◆ DIRECTIONS:
Give the data back exactly as it stands.

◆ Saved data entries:

■ ■ ■ ■ ■

lemma sk_is_basisI:
  assumes "finite I" "inj_on v I" "v ` I \<subseteq> V" "V \<subseteq> skel.span (v ` I)" "skel.independent (v ` I)"
  shows "sk_is_basis I v V"
  unfolding sk_is_basis_def
proof (intro conjI ballI allI impI)
  show "finite I" "\<And>p. p \<in> I \<Longrightarrow> v p \<in> V"
    using assms(1,3) by auto
next
  fix u p assume u: "sk_lincomb I u v = sk_zero" and p: "p \<in> I"
  have "(\<Sum>x\<in>v ` I. sk_scale (u (the_inv_into I v x)) x) = 0"
    using u assms(2) by (simp add: sk_lincomb_eq_sum sum.reindex the_inv_into_f_f sk_zero_eq_zero)
  then have "u (the_inv_into I v (v p)) = 0"
    using skel.independent_explicit_finite_subsets[THEN iffD1, OF assms(5), rule_format,
        OF order_refl finite_imageI[OF assms(1)], of "\<lambda>x. u (the_inv_into I v x)" "v p"] p
    by blast
  then show "u p = 0"
    using assms(2) p by (simp add: the_inv_into_f_f)
next
  fix f assume "f \<in> V"
  then obtain c where "f = (\<Sum>x\<in>v ` I. sk_scale (c x) x)"
    using assms(1,4) skel.span_finite[of "v ` I"] by blast
  then have "f = sk_lincomb I (\<lambda>p. c (v p)) v"
    using assms(2) by (simp add: sk_lincomb_eq_sum sum.reindex)
  then show "\<exists>u. f = sk_lincomb I u v"
    by blast
qed

lemma sk_is_basis_if_spanning_card_le_dim:
  assumes "finite I" "v ` I \<subseteq> V" "V \<subseteq> skel.span (v ` I)" "card I \<le> skel.dim V"
  shows "sk_is_basis I v V"
proof -
  have card_le: "card (v ` I) \<le> card I"
    using assms(1) by (rule card_image_le)
  have indep: "skel.independent (v ` I)"
    using assms card_le by (intro skel.independent_if_spanning_card_le_dim[of _ V]) auto
  then have "card (v ` I) = skel.dim V"
    using assms(2,3) by (intro skel.basis_card_eq_dim)
  then have "inj_on v I"
    using assms(1,4) card_le by (intro eq_card_imp_inj_on) auto
  with assms indep show ?thesis
    by (intro sk_is_basisI)
qed

definition exp_vec :: "nat \<Rightarrow> (nat \<Rightarrow> nat) \<Rightarrow> bool" where
  "exp_vec n a \<longleftrightarrow> (\<forall>i\<ge>n. a i = 0)"

definition sk_mon :: "(nat \<Rightarrow> nat) \<Rightarrow> 'k::field skel" where
  "sk_mon a = (\<lambda>b. if b = a then 1 else 0)"

definition unit_exp :: "nat \<Rightarrow> nat \<Rightarrow> nat" where
  "unit_exp i = (\<lambda>j. if j = i then 1 else 0)"

lemma exp_vec_0 [simp]: "exp_vec n 0"
  by (simp add: exp_vec_def)

lemma exp_vec_add [simp]: "exp_vec n a \<Longrightarrow> exp_vec n b \<Longrightarrow> exp_vec n (a + b)"
  by (simp add: exp_vec_def)

lemma exp_vec_unit_exp: "i < n \<Longrightarrow> exp_vec n (unit_exp i)"
  by (simp add: exp_vec_def unit_exp_def)

lemma sum_unit_exp: "i < n \<Longrightarrow> (\<Sum>j<n. unit_exp i j) = 1"
  by (simp add: unit_exp_def)

lemma sk_x_eq_mon: "sk_x i = sk_mon (unit_exp i)"
  by (simp add: sk_x_def sk_mon_def unit_exp_def fun_eq_iff)

lemma sk_one_eq_mon: "sk_one = sk_mon 0"
  by (simp add: sk_one_def sk_mon_def fun_eq_iff zero_fun_def)

lemma inj_sk_mon: "inj (sk_mon :: _ \<Rightarrow> 'k::field skel)"
proof (rule injI)
  fix a b :: "nat \<Rightarrow> nat"
  assume "(sk_mon a :: 'k skel) = sk_mon b"
  then have "(sk_mon a :: 'k skel) a = sk_mon b a" by simp
  then show "a = b" by (simp add: sk_mon_def split: if_splits)
qed

lemma finite_exp_vec_below:
  assumes "exp_vec n c"
  shows "finite {a. \<forall>i. a i \<le> c i}"
proof (rule finite_subset)
  let ?m = "\<Sum>i<n. c i"
  show "{a. \<forall>i. a i \<le> c i} \<subseteq> {a. \<forall>i. (i \<in> {..<n} \<longrightarrow> a i \<in> {..?m}) \<and> (i \<notin> {..<n} \<longrightarrow> a i = 0)}"
  proof (intro subsetI CollectI allI conjI impI)
    fix a assume "a \<in> {a. \<forall>i. a i \<le> c i}"
    then have a: "\<forall>i. a i \<le> c i" by simp
    show "a i \<in> {..?m}" if "i \<in> {..<n}" for i
      using a[rule_format, of i] member_le_sum[of i "{..<n}" c] that by simp
    show "a i = 0" if "i \<notin> {..<n}" for i
      using a[rule_format, of i] assms that by (simp add: exp_vec_def)
  qed
qed (intro finite_set_of_finite_funs; simp)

■ ■ ■ ■ ■

◆ SOLUTION BELOW:
lemma sk_is_basisI:
  assumes "finite I" "inj_on v I" "v ` I \<subseteq> V" "V \<subseteq> skel.span (v ` I)" "skel.independent (v ` I)"
  shows "sk_is_basis I v V"
  unfolding sk_is_basis_def
proof (intro conjI ballI allI impI)
  show "finite I" "\<And>p. p \<in> I \<Longrightarrow> v p \<in> V"
    using assms(1,3) by auto
next
  fix u p assume u: "sk_lincomb I u v = sk_zero" and p: "p \<in> I"
  have "(\<Sum>x\<in>v ` I. sk_scale (u (the_inv_into I v x)) x) = 0"
    using u assms(2) by (simp add: sk_lincomb_eq_sum sum.reindex the_inv_into_f_f sk_zero_eq_zero)
  then have "u (the_inv_into I v (v p)) = 0"
    using skel.independent_explicit_finite_subsets[THEN iffD1, OF assms(5), rule_format,
        OF order_refl finite_imageI[OF assms(1)], of "\<lambda>x. u (the_inv_into I v x)" "v p"] p
    by blast
  then show "u p = 0"
    using assms(2) p by (simp add: the_inv_into_f_f)
next
  fix f assume "f \<in> V"
  then obtain c where "f = (\<Sum>x\<in>v ` I. sk_scale (c x) x)"
    using assms(1,4) skel.span_finite[of "v ` I"] by blast
  then have "f = sk_lincomb I (\<lambda>p. c (v p)) v"
    using assms(2) by (simp add: sk_lincomb_eq_sum sum.reindex)
  then show "\<exists>u. f = sk_lincomb I u v"
    by blast
qed

lemma sk_is_basis_if_spanning_card_le_dim:
  assumes "finite I" "v ` I \<subseteq> V" "V \<subseteq> skel.span (v ` I)" "card I \<le> skel.dim V"
  shows "sk_is_basis I v V"
proof -
  have card_le: "card (v ` I) \<le> card I"
    using assms(1) by (rule card_image_le)
  have indep: "skel.independent (v ` I)"
    using assms card_le by (intro skel.independent_if_spanning_card_le_dim[of _ V]) auto
  then have "card (v ` I) = skel.dim V"
    using assms(2,3) by (intro skel.basis_card_eq_dim)
  then have "inj_on v I"
    using assms(1,4) card_le by (intro eq_card_imp_inj_on) auto
  with assms indep show ?thesis
    by (intro sk_is_basisI)
qed

definition exp_vec :: "nat \<Rightarrow> (nat \<Rightarrow> nat) \<Rightarrow> bool" where
  "exp_vec n a \<longleftrightarrow> (\<forall>i\<ge>n. a i = 0)"

definition sk_mon :: "(nat \<Rightarrow> nat) \<Rightarrow> 'k::field skel" where
  "sk_mon a = (\<lambda>b. if b = a then 1 else 0)"

definition unit_exp :: "nat \<Rightarrow> nat \<Rightarrow> nat" where
  "unit_exp i = (\<lambda>j. if j = i then 1 else 0)"

lemma exp_vec_0 [simp]: "exp_vec n 0"
  by (simp add: exp_vec_def)

lemma exp_vec_add [simp]: "exp_vec n a \<Longrightarrow> exp_vec n b \<Longrightarrow> exp_vec n (a + b)"
  by (simp add: exp_vec_def)

lemma exp_vec_unit_exp: "i < n \<Longrightarrow> exp_vec n (unit_exp i)"
  by (simp add: exp_vec_def unit_exp_def)

lemma sum_unit_exp: "i < n \<Longrightarrow> (\<Sum>j<n. unit_exp i j) = 1"
  by (simp add: unit_exp_def)

lemma sk_x_eq_mon: "sk_x i = sk_mon (unit_exp i)"
  by (simp add: sk_x_def sk_mon_def unit_exp_def fun_eq_iff)

lemma sk_one_eq_mon: "sk_one = sk_mon 0"
  by (simp add: sk_one_def sk_mon_def fun_eq_iff zero_fun_def)

lemma inj_sk_mon: "inj (sk_mon :: _ \<Rightarrow> 'k::field skel)"
proof (rule injI)
  fix a b :: "nat \<Rightarrow> nat"
  assume "(sk_mon a :: 'k skel) = sk_mon b"
  then have "(sk_mon a :: 'k skel) a = sk_mon b a" by simp
  then show "a = b" by (simp add: sk_mon_def split: if_splits)
qed

lemma finite_exp_vec_below:
  assumes "exp_vec n c"
  shows "finite {a. \<forall>i. a i \<le> c i}"
proof (rule finite_subset)
  let ?m = "\<Sum>i<n. c i"
  show "{a. \<forall>i. a i \<le> c i} \<subseteq> {a. \<forall>i. (i \<in> {..<n} \<longrightarrow> a i \<in> {..?m}) \<and> (i \<notin> {..<n} \<longrightarrow> a i = 0)}"
  proof (intro subsetI CollectI allI conjI impI)
    fix a assume "a \<in> {a. \<forall>i. a i \<le> c i}"
    then have a: "\<forall>i. a i \<le> c i" by simp
    show "a i \<in> {..?m}" if "i \<in> {..<n}" for i
      using a[rule_format, of i] member_le_sum[of i "{..<n}" c] that by simp
    show "a i = 0" if "i \<notin> {..<n}" for i
      using a[rule_format, of i] assms that by (simp add: exp_vec_def)
  qed
qed (intro finite_set_of_finite_funs; simp)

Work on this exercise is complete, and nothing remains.